ENTRIES SUPPLIED:

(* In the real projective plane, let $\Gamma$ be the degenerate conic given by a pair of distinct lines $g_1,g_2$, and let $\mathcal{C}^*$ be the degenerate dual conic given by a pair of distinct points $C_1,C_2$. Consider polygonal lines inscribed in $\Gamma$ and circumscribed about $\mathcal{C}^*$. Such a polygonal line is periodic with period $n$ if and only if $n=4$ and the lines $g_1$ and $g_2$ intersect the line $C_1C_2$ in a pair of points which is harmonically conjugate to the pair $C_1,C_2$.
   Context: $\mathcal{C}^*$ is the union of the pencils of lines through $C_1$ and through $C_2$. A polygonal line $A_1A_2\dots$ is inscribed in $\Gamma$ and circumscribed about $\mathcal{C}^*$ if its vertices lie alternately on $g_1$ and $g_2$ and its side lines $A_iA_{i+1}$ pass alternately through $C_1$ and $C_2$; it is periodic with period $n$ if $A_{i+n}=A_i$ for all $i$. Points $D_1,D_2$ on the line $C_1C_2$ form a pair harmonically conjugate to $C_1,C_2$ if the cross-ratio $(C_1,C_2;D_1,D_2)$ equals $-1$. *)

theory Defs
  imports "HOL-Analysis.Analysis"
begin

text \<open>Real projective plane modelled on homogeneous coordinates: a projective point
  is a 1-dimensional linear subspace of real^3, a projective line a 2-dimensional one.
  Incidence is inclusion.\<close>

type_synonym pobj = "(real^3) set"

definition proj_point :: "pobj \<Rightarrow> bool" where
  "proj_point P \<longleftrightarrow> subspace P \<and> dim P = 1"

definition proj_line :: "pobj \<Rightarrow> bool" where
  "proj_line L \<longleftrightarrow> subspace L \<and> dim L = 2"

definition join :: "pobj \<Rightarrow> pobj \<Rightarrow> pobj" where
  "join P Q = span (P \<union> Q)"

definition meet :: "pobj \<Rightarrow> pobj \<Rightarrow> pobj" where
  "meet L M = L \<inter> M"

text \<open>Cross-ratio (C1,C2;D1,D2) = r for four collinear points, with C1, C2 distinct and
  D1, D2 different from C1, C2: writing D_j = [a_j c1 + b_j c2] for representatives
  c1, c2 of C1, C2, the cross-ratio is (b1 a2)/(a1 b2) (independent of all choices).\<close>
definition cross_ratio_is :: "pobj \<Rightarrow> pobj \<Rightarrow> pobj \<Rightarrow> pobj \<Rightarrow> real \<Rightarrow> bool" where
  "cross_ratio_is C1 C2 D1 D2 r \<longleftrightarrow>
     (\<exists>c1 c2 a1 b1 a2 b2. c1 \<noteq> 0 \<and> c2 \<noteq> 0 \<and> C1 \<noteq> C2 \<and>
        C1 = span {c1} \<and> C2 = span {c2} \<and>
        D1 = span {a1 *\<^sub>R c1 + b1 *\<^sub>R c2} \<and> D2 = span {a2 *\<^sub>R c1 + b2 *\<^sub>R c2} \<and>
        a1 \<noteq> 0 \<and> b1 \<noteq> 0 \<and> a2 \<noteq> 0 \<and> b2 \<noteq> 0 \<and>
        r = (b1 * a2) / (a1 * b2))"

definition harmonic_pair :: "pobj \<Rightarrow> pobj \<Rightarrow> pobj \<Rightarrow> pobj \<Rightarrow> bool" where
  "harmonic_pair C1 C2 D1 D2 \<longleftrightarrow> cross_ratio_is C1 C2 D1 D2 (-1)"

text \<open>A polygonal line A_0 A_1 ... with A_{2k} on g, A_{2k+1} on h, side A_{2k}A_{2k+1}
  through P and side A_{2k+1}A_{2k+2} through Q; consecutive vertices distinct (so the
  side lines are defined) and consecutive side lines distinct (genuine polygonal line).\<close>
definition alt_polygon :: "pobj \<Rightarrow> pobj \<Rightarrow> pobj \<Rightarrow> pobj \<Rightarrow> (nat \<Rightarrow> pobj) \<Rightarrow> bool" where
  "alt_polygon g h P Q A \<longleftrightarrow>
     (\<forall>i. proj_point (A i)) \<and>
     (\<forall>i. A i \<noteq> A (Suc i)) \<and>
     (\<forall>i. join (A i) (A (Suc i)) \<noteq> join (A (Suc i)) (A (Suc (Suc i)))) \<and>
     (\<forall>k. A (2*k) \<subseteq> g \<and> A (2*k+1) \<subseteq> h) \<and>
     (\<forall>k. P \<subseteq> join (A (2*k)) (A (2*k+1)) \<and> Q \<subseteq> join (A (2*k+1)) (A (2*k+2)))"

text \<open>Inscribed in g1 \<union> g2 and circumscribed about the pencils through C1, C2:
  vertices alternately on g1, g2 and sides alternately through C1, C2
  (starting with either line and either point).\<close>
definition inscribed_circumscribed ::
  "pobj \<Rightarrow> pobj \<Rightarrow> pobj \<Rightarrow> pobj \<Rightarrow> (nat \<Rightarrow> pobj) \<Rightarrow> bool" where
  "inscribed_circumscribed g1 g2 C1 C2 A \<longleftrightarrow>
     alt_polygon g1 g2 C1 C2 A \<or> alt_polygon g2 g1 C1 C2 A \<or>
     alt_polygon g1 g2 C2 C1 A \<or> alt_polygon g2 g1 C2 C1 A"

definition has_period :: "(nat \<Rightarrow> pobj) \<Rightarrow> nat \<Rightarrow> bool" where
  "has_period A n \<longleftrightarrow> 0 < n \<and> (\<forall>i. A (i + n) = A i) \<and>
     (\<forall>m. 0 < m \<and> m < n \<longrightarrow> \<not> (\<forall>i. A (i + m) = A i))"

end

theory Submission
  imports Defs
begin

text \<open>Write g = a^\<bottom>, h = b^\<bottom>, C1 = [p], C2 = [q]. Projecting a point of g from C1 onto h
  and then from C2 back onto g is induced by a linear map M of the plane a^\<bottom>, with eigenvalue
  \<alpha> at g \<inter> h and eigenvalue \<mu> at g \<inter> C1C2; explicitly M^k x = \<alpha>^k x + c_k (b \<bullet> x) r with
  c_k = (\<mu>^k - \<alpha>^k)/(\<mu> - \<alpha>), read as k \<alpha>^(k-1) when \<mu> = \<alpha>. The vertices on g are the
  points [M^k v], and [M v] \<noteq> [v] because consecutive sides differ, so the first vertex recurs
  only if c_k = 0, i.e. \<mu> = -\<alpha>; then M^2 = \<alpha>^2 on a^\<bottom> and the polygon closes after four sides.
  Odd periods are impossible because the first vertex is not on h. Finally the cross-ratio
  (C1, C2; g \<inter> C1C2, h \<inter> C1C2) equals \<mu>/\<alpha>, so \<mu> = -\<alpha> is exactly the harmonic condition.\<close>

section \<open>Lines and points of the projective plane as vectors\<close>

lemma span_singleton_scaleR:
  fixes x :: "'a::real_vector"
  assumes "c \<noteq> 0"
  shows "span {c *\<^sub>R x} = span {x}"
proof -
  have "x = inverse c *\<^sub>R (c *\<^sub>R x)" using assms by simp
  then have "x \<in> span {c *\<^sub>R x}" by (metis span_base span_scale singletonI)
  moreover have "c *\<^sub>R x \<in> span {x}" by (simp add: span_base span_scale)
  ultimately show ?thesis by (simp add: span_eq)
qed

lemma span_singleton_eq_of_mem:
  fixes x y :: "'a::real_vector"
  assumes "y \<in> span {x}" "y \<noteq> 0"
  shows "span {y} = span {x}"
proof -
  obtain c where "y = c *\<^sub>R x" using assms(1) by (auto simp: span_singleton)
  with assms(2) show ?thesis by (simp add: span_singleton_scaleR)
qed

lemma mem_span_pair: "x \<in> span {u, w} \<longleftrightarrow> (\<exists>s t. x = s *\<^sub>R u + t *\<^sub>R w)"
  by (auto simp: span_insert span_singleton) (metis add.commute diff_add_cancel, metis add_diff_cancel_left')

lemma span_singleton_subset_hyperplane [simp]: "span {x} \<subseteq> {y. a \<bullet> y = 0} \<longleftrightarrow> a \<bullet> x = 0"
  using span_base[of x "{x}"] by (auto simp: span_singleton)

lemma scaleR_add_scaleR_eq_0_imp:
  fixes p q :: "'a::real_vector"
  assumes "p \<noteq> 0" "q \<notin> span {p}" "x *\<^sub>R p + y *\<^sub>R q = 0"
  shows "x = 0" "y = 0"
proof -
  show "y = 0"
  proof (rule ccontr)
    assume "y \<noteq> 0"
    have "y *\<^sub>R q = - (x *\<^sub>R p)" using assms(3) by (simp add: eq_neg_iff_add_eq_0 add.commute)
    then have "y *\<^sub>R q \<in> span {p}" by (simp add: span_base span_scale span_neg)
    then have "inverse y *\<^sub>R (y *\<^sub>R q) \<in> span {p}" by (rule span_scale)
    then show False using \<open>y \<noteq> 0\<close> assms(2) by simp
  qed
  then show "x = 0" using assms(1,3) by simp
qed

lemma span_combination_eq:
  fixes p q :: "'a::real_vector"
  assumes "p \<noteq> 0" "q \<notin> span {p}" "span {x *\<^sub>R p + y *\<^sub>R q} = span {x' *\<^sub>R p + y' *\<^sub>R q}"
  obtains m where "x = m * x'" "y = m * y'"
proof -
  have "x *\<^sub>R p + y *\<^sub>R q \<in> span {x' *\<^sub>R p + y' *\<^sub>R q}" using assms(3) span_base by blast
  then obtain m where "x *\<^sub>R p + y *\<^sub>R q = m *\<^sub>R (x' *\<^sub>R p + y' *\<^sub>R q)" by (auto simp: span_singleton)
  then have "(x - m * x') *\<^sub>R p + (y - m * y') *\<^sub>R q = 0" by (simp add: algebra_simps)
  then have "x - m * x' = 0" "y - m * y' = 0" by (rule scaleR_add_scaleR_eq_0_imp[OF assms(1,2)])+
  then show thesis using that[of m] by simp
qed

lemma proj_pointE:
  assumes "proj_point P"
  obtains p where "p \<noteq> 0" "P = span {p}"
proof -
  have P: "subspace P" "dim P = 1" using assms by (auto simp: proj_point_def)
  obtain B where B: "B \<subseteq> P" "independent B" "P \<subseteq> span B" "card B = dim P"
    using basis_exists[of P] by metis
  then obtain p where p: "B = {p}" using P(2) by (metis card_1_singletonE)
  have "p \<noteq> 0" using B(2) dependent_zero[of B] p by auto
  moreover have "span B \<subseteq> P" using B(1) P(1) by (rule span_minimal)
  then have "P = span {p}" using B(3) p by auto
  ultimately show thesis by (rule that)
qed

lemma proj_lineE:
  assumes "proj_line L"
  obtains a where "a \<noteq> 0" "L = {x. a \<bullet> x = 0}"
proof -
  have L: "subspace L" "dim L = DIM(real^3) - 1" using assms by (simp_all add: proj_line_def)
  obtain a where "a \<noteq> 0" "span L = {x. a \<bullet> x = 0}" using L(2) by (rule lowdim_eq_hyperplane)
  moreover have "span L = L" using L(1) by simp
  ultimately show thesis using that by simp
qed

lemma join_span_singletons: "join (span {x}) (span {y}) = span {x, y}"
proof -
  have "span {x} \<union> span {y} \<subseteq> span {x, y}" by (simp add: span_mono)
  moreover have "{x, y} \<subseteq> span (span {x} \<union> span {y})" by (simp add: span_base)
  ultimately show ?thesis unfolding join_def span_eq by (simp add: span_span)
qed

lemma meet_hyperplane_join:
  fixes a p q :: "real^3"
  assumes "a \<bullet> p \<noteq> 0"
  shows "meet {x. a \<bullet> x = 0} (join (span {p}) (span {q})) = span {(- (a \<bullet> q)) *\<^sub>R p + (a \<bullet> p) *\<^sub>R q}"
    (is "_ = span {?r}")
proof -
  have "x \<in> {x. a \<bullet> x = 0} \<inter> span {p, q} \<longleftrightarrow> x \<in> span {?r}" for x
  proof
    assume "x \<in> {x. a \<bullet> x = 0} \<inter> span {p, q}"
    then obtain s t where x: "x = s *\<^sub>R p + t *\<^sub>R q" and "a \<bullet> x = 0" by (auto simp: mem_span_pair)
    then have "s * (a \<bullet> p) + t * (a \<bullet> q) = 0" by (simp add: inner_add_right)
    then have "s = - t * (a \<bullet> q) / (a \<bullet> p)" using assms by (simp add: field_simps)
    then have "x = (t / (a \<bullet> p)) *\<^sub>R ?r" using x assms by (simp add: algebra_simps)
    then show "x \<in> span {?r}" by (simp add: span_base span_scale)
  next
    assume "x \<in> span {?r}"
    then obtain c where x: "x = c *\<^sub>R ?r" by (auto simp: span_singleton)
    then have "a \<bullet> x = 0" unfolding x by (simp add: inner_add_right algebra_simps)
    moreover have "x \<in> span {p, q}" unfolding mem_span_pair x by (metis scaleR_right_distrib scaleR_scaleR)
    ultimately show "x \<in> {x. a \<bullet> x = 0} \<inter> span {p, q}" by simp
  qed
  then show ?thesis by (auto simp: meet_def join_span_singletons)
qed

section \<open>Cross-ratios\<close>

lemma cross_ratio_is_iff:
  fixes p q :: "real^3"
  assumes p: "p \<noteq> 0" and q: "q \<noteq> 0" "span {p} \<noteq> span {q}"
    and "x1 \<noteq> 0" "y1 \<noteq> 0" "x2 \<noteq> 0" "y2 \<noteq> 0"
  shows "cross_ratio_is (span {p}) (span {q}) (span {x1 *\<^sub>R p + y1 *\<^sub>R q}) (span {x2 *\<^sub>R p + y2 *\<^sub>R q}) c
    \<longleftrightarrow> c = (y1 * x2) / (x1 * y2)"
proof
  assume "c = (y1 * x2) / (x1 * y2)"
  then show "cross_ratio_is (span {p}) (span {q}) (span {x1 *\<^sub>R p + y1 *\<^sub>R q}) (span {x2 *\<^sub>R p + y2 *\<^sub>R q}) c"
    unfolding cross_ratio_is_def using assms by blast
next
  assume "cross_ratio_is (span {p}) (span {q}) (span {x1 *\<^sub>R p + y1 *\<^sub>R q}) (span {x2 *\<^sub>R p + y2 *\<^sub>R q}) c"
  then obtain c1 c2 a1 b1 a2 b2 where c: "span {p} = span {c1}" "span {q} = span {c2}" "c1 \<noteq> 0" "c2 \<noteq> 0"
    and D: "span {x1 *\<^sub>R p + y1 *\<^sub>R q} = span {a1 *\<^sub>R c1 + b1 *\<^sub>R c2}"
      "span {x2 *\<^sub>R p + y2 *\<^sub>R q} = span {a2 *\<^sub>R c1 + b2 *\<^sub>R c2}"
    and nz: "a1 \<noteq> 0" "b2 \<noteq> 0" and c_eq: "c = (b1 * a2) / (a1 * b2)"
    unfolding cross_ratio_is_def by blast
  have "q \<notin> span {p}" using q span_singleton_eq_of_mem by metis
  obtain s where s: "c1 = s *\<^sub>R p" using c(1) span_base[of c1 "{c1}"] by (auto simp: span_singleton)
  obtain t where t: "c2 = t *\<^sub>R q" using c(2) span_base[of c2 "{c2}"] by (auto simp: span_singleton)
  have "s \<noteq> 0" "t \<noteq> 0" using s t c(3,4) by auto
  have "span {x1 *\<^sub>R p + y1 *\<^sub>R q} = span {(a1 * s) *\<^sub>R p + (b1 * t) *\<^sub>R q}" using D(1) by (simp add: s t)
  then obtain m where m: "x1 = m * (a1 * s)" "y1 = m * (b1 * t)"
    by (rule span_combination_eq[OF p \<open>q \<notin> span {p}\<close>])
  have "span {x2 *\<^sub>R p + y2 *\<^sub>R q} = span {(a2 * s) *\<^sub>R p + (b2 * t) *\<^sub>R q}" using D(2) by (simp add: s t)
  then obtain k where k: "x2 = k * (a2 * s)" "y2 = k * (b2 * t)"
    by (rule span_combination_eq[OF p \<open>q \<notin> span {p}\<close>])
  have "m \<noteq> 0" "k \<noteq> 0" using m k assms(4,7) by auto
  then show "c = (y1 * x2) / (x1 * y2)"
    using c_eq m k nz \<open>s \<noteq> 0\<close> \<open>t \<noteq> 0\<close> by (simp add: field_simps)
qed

TO DO: Reproduce verbatim only the segment of the listing bounded by the line containing "side lines are" and the line containing "(b \<bullet> x) r with", with both boundary lines included.

REPLY:
  side lines are defined) and consecutive side lines distinct (genuine polygonal line).\<close>
definition alt_polygon :: "pobj \<Rightarrow> pobj \<Rightarrow> pobj \<Rightarrow> pobj \<Rightarrow> (nat \<Rightarrow> pobj) \<Rightarrow> bool" where
  "alt_polygon g h P Q A \<longleftrightarrow>
     (\<forall>i. proj_point (A i)) \<and>
     (\<forall>i. A i \<noteq> A (Suc i)) \<and>
     (\<forall>i. join (A i) (A (Suc i)) \<noteq> join (A (Suc i)) (A (Suc (Suc i)))) \<and>
     (\<forall>k. A (2*k) \<subseteq> g \<and> A (2*k+1) \<subseteq> h) \<and>
     (\<forall>k. P \<subseteq> join (A (2*k)) (A (2*k+1)) \<and> Q \<subseteq> join (A (2*k+1)) (A (2*k+2)))"

text \<open>Inscribed in g1 \<union> g2 and circumscribed about the pencils through C1, C2:
  vertices alternately on g1, g2 and sides alternately through C1, C2
  (starting with either line and either point).\<close>
definition inscribed_circumscribed ::
  "pobj \<Rightarrow> pobj \<Rightarrow> pobj \<Rightarrow> pobj \<Rightarrow> (nat \<Rightarrow> pobj) \<Rightarrow> bool" where
  "inscribed_circumscribed g1 g2 C1 C2 A \<longleftrightarrow>
     alt_polygon g1 g2 C1 C2 A \<or> alt_polygon g2 g1 C1 C2 A \<or>
     alt_polygon g1 g2 C2 C1 A \<or> alt_polygon g2 g1 C2 C1 A"

definition has_period :: "(nat \<Rightarrow> pobj) \<Rightarrow> nat \<Rightarrow> bool" where
  "has_period A n \<longleftrightarrow> 0 < n \<and> (\<forall>i. A (i + n) = A i) \<and>
     (\<forall>m. 0 < m \<and> m < n \<longrightarrow> \<not> (\<forall>i. A (i + m) = A i))"

end

theory Submission
  imports Defs
begin

text \<open>Write g = a^\<bottom>, h = b^\<bottom>, C1 = [p], C2 = [q]. Projecting a point of g from C1 onto h
  and then from C2 back onto g is induced by a linear map M of the plane a^\<bottom>, with eigenvalue
  \<alpha> at g \<inter> h and eigenvalue \<mu> at g \<inter> C1C2; explicitly M^k x = \<alpha>^k x + c_k (b \<bullet> x) r with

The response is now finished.